Apple Releases Shareholder Vote Totals

| Apple Stock Watch

Apple released shareholder vote totals Thursday in a filing with the Securities & Exchange Commission (SEC) called 8-K. Those totals show that shareholders overwhelmingly approved reappointing the current board of directors, and that the votes on the two shareholder proposals on the ballot weren’t anywhere near to being close.

The Board

Under the rules in place when the votes were cast (see below), shareholders were given the chance to vote for a board member or abstain, a system that all but insures that the company’s slate of candidates are insured, especially with the requirement that they receives only a plurality of the vote, not a majority.

In the table below, you can see that every board member received at least 563 million vote, and all but one (Andrea Jung) saw less than 10 million abstentions. Steve Jobs got the most “For” votes, at 570.9 million votes, for those looking for minutiae.

Board Member Vote Totals

Board Member

 

For         

 

Authority Withheld              

  Broker
Non-Vote

William V. Campbell

 

567,613,937

 

8,115,733

 

178,309,247

Millard S. Drexler

 

568,443,093

 

7,286,577

 

178,309,247

Albert A. Gore, Jr.

 

569,870,576

 

5,859,094

 

178,309,247

Steven P. Jobs

 

570,939,406

 

4,790,264

 

178,309,247

Andrea Jung

 

563,237,044

 

12,492,626

 

178,309,247

Arthur D. Levinson

 

570,068,091

 

5,661,579

 

178,309,247

Ronald D. Sugar

 

574,417,007

 

1,312,663

 

178,309,247

Electing the Board

Proposal 6, as we’ve covered in more depth, would change the way board members are elected. Under the proposal, which passed, each board member must receive a majority of votes to get or keep their job. Technically, it’s a “For” vote from a majority of shareholders represented in the quorum needed to convene the meeting in the first place, but that’s all but a technically due to proxy voting.

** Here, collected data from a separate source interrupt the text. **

lemma coefficient_diff_empirical_power4_le:
  assumes "closed S"
    and \<phi>: "\<And>j x y z. j \<in> {1..J} \<Longrightarrow> x \<in> S \<Longrightarrow> y \<in> S \<Longrightarrow> z \<in> S \<Longrightarrow>
      \<bar>\<phi> j x y - \<phi> j x z\<bar> \<le> C * dist y z"
    and N: "1 \<le> N" "i \<in> {1..N}"
    and Y: "\<And>k. k \<in> {1..N} \<Longrightarrow> Y k \<in> S" and Z: "\<And>k. k \<in> {1..N} \<Longrightarrow> Z k \<in> S"
  shows "(norm (b (Y i) (empirical N Y) - b (Z i) (empirical N Z))
      + norm (\<sigma> (Y i) (empirical N Y) - \<sigma> (Z i) (empirical N Z))) ^ 4
    \<le> 8 * L ^ 4 * (dist (Y i) (Z i) ^ 4 + (real J * C) ^ 4 * ((\<Sum>k=1..N. dist (Y k) (Z k) ^ 4) / N))"
proof -
  define m where "m = (\<Sum>k=1..N. dist (Y k) (Z k)) / N"
  have "(norm (b (Y i) (empirical N Y) - b (Z i) (empirical N Z))
      + norm (\<sigma> (Y i) (empirical N Y) - \<sigma> (Z i) (empirical N Z))) ^ 4
      \<le> (L * (dist (Y i) (Z i) + real J * C * m)) ^ 4"
    unfolding m_def using assms by (intro power_mono coefficient_diff_empirical_le) auto
  also have "\<dots> = L ^ 4 * (dist (Y i) (Z i) + real J * C * m) ^ 4"
    by (simp add: power_mult_distrib)
  also have "\<dots> \<le> L ^ 4 * (8 * (dist (Y i) (Z i) ^ 4 + (real J * C) ^ 4 * m ^ 4))"
    using power4_add_le[of "dist (Y i) (Z i)" "real J * C * m"]
    by (intro mult_left_mono) (simp_all add: power_mult_distrib)
  also have "\<dots> \<le> L ^ 4 * (8 * (dist (Y i) (Z i) ^ 4
      + (real J * C) ^ 4 * ((\<Sum>k=1..N. dist (Y k) (Z k) ^ 4) / N)))"
    using power_mean_le_mean_power[of "{1..N}" 4 "\<lambda>k. dist (Y k) (Z k)"] N
    by (intro mult_left_mono add_left_mono) (simp_all add: m_def zero_le_even_power)
  finally show ?thesis by (simp add: algebra_simps)
qed

lemma moment_coefficient_diff_empirical_le:
  assumes "prob_space M" and S: "closed S" "bounded S"
    and \<phi>: "\<And>j x y z. j \<in> {1..J} \<Longrightarrow> x \<in> S \<Longrightarrow> y \<in> S \<Longrightarrow> z \<in> S \<Longrightarrow>
      \<bar>\<phi> j x y - \<phi> j x z\<bar> \<le> C * dist y z"
    and N: "1 \<le> N" "i \<in> {1..N}"
    and Y: "\<And>k. k \<in> {1..N} \<Longrightarrow> Y k \<in> borel_measurable M"
      "\<And>k \<omega>. k \<in> {1..N} \<Longrightarrow> \<omega> \<in> space M \<Longrightarrow> Y k \<omega> \<in> S"
    and Z: "\<And>k. k \<in> {1..N} \<Longrightarrow> Z k \<in> borel_measurable M"
      "\<And>k \<omega>. k \<in> {1..N} \<Longrightarrow> \<omega> \<in> space M \<Longrightarrow> Z k \<omega> \<in> S"
  shows "(\<integral>\<omega>. norm (b (Y i \<omega>) (empirical N (\<lambda>k. Y k \<omega>))
              - b (Z i \<omega>) (empirical N (\<lambda>k. Z k \<omega>))) ^ 4 \<partial>M)
       + (\<integral>\<omega>. norm (\<sigma> (Y i \<omega>) (empirical N (\<lambda>k. Y k \<omega>))
              - \<sigma> (Z i \<omega>) (empirical N (\<lambda>k. Z k \<omega>))) ^ 4 \<partial>M)
    \<le> 16 * L ^ 4 * (1 + (real J * C) ^ 4) * ((\<integral>\<omega>. dist (Y i \<omega>) (Z i \<omega>) ^ 4 \<partial>M)
         + 1 / N * (\<Sum>k=1..N. \<integral>\<omega>. dist (Y k \<omega>) (Z k \<omega>) ^ 4 \<partial>M))"
proof -
  interpret prob_space M by fact
  define d where "d = (\<lambda>k \<omega>. dist (Y k \<omega>) (Z k \<omega>) ^ 4)"
  define c where "c = (real J * C) ^ 4"
  define g where "g = (\<lambda>\<omega>. 8 * L ^ 4 * (d i \<omega> + c * ((\<Sum>k=1..N. d k \<omega>) / N)))"
  have d_int: "integrable M (d k)" if k: "k \<in> {1..N}" for k
  proof (rule integrable_const_bound[where B="diameter S ^ 4"])
    show "AE \<omega> in M. norm (d k \<omega>) \<le> diameter S ^ 4"
      using Y(2)[OF k] Z(2)[OF k] S(2)
      by (intro AE_I2) (simp add: d_def power_mono diameter_bounded_bound)
    show "d k \<in> borel_measurable M"
      using Y(1)[OF k] Z(1)[OF k] unfolding d_def by measurable
  qed
  have sum_int: "integrable M (\<lambda>\<omega>. \<Sum>k=1..N. d k \<omega>)"
    using d_int by (intro Bochner_Integration.integrable_sum) auto
  have g_int: "integrable M g"
    unfolding g_def using d_int[OF N(2)] sum_int by auto
  have "integral\<^sup>L M g = 8 * L ^ 4 * (integral\<^sup>L M (d i) + c * ((\<integral>\<omega>. (\<Sum>k=1..N. d k \<omega>) \<partial>M) / N))"
    unfolding g_def using d_int[OF N(2)] sum_int by simp
  also have "(\<integral>\<omega>. (\<Sum>k=1..N. d k \<omega>) \<partial>M) = (\<Sum>k=1..N. integral\<^sup>L M (d k))"
    using d_int by (intro Bochner_Integration.integral_sum) auto
  finally have g_integral:
    "integral\<^sup>L M g = 8 * L ^ 4 * (integral\<^sup>L M (d i) + c * ((\<Sum>k=1..N. integral\<^sup>L M (d k)) / N))" .
  have "(\<integral>\<omega>. norm (b (Y i \<omega>) (empirical N (\<lambda>k. Y k \<omega>))
              - b (Z i \<omega>) (empirical N (\<lambda>k. Z k \<omega>))) ^ 4 \<partial>M)
       + (\<integral>\<omega>. norm (\<sigma> (Y i \<omega>) (empirical N (\<lambda>k. Y k \<omega>))
              - \<sigma> (Z i \<omega>) (empirical N (\<lambda>k. Z k \<omega>))) ^ 4 \<partial>M)
    \<le> 2 * integral\<^sup>L M g"
  proof (rule integral_norm_power_add_le[OF g_int])
    fix \<omega> assume "\<omega> \<in> space M"
    then show "(norm (b (Y i \<omega>) (empirical N (\<lambda>k. Y k \<omega>)) - b (Z i \<omega>) (empirical N (\<lambda>k. Z k \<omega>)))
        + norm (\<sigma> (Y i \<omega>) (empirical N (\<lambda>k. Y k \<omega>)) - \<sigma> (Z i \<omega>) (empirical N (\<lambda>k. Z k \<omega>)))) ^ 4
        \<le> g \<omega>"
      using coefficient_diff_empirical_power4_le[OF S(1) \<phi> N, where Y="\<lambda>k. Y k \<omega>" and Z="\<lambda>k. Z k \<omega>"]
        Y(2) Z(2) by (simp add: g_def d_def c_def)
  qed
  also have "\<dots> \<le> 16 * L ^ 4 * (1 + c) * (integral\<^sup>L M (d i) + 1 / N * (\<Sum>k=1..N. integral\<^sup>L M (d k)))"
  proof -
    have "0 \<le> integral\<^sup>L M (d k)" for k
      by (simp add: d_def)
    then show ?thesis
      unfolding g_integral by (simp add: algebra_simps sum_nonneg c_def zero_le_even_power)
  qed
  finally show ?thesis by (simp add: c_def d_def)
qed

We reported on Wednesday that this proposal had passed, but Apple’s vote total showed that the vote wasn’t close. 422,451,638 votes were cast in favor of the proposal, while 151,538,447 voted against it. 1.74 million votes abstained.

Apple had officially resisted the measure, asking shareholders to vote against the proposal, making the wide passage a little surprising. It should be noted, however, that the point of measure was not an effort to throw out board members of one of the most successful companies on the planet, but rather to add transparency to Apple’s corporate governance, a message that apparently got through to shareholders.

The Succession Plan Vote

In almost diametric opposition to the support of Proposal 6, shareholders overwhelmingly rejected Proposal 5, which would have required Apple to make public its succession plan for the company’s CEO position.

Pushed by the Laborers’ International Union of North America (LIUNA), whose members own more than a million shares of AAPL in its pension fund, this proposal was also backed by Institutional Shareholder Services, a few analysts, and other parties interested corporate governance.

It was opposed by Apple on the grounds that revealing the company’s plans for succession would be disruptive to the company’s executive ranks and offer competitors an unfair advantage over the company. Unlike Proposal 6, however, shareholders toed Apple’s line and rejected the proposal in almost the same percentages that it embraced the change in board election rules.

400,056,649 votes were cast against the proposal, while 172,259,195 votes were case in favor of it. 3.4 million votes abstained.

*In the interest of full disclosure, the author holds a small share in AAPL stock that was not an influence in the creation of this article.